WHAT YOU WILL DO —
Locate the line bearing "theory Defs" in the material below, then reproduce it and each following line up to and including the line bearing "left(G1)=top(G2), right(G1)=top(G3), right(G2)=left(G3).\<close>".
──────────
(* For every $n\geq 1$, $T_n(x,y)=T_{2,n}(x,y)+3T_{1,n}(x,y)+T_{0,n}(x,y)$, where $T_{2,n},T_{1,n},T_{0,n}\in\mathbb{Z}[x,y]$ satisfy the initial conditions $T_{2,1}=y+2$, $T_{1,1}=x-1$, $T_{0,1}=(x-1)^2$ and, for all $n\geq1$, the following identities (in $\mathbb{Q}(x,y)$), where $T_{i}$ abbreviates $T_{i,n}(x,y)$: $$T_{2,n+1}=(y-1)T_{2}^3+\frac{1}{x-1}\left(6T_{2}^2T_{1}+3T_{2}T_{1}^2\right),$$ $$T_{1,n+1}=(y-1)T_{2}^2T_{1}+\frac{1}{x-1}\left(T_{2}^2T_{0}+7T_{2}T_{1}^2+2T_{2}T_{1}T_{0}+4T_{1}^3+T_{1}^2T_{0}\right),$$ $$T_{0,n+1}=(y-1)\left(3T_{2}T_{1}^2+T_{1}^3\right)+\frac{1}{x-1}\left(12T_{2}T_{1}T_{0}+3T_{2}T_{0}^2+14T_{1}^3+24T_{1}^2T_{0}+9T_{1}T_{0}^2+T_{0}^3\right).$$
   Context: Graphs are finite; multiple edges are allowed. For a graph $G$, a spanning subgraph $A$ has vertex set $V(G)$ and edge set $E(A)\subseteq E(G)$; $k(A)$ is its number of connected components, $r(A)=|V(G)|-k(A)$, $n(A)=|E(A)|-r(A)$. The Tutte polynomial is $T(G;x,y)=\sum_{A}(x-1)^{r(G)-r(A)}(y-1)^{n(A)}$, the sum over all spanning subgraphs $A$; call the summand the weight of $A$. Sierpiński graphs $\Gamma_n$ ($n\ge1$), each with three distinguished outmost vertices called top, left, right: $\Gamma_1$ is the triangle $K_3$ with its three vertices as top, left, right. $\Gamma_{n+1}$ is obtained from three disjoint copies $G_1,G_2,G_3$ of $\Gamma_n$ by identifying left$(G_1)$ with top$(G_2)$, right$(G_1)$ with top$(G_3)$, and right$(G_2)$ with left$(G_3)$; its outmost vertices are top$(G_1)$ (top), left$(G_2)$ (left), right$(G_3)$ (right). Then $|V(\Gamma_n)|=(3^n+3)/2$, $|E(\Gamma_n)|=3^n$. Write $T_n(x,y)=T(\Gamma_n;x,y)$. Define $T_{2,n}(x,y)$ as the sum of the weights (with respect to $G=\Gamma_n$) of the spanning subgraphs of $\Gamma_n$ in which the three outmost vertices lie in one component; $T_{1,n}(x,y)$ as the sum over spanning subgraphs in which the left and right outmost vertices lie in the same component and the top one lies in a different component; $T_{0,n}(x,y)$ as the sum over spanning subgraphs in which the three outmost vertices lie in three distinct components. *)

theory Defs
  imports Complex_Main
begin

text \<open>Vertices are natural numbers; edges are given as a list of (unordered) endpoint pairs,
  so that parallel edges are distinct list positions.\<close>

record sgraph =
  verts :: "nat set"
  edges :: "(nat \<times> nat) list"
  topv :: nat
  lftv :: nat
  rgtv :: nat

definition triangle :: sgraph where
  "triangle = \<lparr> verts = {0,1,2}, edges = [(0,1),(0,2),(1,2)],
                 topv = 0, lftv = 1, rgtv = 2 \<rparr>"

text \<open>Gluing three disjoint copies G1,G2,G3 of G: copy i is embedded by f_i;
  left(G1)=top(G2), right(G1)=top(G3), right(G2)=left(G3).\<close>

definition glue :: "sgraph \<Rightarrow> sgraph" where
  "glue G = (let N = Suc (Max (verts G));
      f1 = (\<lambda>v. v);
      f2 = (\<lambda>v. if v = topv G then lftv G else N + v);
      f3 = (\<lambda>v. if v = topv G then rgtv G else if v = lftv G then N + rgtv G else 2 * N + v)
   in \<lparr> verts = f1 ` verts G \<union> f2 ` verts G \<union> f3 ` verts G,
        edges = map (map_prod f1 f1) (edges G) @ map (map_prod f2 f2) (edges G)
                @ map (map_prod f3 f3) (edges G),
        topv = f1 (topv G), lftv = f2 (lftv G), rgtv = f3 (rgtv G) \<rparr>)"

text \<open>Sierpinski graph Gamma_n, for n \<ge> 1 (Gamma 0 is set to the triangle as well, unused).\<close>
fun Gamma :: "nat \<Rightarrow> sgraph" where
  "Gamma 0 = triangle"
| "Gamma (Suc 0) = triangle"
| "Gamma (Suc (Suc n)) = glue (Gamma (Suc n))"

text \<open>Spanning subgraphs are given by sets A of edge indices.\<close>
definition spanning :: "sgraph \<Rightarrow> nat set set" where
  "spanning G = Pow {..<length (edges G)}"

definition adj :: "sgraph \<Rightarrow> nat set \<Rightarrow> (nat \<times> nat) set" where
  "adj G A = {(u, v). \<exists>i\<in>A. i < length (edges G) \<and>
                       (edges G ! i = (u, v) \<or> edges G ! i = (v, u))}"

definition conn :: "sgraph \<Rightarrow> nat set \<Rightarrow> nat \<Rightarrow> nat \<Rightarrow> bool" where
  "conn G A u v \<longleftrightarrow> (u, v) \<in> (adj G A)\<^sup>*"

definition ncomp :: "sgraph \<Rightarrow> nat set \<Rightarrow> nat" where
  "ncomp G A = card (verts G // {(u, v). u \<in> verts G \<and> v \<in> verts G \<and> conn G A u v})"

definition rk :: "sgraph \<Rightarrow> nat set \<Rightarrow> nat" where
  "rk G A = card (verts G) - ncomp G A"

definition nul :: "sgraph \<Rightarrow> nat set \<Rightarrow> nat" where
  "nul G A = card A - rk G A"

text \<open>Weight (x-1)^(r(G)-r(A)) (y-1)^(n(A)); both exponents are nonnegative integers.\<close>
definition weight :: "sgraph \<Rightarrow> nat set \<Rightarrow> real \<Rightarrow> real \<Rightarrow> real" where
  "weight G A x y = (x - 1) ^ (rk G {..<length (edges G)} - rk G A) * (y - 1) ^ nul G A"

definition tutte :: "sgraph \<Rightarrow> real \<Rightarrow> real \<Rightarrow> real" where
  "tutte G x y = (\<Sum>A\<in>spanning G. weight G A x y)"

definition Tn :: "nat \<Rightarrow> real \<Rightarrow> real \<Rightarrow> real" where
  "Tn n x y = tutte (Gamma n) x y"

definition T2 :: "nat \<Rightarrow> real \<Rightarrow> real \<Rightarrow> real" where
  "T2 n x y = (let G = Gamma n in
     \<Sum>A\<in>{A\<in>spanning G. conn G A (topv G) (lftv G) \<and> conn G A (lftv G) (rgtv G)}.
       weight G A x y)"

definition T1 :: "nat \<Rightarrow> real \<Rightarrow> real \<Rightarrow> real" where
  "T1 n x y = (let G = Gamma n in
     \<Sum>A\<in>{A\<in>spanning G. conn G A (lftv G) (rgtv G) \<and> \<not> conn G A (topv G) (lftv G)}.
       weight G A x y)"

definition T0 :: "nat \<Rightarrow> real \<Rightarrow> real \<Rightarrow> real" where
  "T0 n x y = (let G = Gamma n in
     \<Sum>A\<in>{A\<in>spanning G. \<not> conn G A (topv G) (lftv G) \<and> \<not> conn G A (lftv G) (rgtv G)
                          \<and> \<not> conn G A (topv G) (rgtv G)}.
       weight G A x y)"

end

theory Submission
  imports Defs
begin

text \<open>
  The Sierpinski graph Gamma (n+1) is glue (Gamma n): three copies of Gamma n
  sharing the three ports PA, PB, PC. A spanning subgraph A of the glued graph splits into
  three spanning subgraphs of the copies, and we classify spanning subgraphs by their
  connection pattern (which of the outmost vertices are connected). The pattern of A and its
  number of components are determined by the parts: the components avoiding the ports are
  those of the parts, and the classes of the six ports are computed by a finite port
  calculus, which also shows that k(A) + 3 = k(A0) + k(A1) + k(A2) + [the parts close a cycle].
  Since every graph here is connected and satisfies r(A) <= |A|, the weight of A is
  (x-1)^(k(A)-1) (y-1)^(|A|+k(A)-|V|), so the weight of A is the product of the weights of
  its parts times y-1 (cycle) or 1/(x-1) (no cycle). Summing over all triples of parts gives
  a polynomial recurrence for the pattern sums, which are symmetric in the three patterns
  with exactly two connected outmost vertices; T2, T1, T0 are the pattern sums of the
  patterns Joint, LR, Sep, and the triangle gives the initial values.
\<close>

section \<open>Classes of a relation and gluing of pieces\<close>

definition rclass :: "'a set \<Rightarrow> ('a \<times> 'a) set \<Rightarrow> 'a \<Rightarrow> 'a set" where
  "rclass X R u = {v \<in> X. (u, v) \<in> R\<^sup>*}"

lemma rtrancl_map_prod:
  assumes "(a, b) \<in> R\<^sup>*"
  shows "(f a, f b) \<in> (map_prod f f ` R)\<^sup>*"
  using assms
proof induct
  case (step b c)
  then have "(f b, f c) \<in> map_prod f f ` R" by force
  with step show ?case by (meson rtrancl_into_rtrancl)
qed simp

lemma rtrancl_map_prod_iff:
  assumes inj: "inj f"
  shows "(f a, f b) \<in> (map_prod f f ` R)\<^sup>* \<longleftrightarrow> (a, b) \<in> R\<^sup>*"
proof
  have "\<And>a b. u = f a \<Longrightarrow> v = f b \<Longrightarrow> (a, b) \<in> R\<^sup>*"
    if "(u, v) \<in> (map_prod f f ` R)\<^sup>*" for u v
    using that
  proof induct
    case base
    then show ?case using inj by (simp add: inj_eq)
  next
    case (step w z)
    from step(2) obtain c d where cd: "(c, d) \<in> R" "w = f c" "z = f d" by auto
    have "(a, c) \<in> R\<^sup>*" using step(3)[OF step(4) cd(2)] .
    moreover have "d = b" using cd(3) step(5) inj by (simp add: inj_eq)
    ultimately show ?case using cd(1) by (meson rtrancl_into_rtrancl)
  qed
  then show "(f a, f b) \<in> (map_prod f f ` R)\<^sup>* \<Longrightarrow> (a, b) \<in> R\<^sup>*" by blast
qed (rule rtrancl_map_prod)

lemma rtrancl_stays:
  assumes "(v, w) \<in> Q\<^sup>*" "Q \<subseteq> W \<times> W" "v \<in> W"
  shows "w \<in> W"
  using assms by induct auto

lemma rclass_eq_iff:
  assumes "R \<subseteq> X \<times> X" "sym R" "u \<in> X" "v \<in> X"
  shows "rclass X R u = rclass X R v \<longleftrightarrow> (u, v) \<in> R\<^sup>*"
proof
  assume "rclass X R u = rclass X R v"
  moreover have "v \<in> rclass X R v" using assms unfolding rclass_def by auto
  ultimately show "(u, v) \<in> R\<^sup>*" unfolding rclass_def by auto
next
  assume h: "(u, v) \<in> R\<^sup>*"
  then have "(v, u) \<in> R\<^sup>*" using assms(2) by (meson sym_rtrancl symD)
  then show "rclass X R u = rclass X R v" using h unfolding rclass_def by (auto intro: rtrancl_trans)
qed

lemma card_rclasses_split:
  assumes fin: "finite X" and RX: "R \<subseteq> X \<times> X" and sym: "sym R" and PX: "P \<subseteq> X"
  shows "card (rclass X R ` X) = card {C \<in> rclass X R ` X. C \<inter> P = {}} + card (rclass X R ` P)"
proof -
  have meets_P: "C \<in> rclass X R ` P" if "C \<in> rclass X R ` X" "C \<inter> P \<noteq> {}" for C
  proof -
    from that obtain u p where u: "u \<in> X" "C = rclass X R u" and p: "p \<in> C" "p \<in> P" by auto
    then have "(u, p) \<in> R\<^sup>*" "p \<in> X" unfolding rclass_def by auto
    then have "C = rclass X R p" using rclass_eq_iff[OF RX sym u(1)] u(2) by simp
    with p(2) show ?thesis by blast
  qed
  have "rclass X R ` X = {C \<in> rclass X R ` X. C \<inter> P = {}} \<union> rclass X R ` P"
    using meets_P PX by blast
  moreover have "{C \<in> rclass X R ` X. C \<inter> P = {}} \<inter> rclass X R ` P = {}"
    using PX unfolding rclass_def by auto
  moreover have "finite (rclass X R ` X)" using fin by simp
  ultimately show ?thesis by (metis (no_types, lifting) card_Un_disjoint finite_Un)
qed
──────────
WRITTEN ANSWER —
theory Defs
  imports Complex_Main
begin

text \<open>Vertices are natural numbers; edges are given as a list of (unordered) endpoint pairs,
  so that parallel edges are distinct list positions.\<close>

record sgraph =
  verts :: "nat set"
  edges :: "(nat \<times> nat) list"
  topv :: nat
  lftv :: nat
  rgtv :: nat

definition triangle :: sgraph where
  "triangle = \<lparr> verts = {0,1,2}, edges = [(0,1),(0,2),(1,2)],
                 topv = 0, lftv = 1, rgtv = 2 \<rparr>"

text \<open>Gluing three disjoint copies G1,G2,G3 of G: copy i is embedded by f_i;
  left(G1)=top(G2), right(G1)=top(G3), right(G2)=left(G3).\<close>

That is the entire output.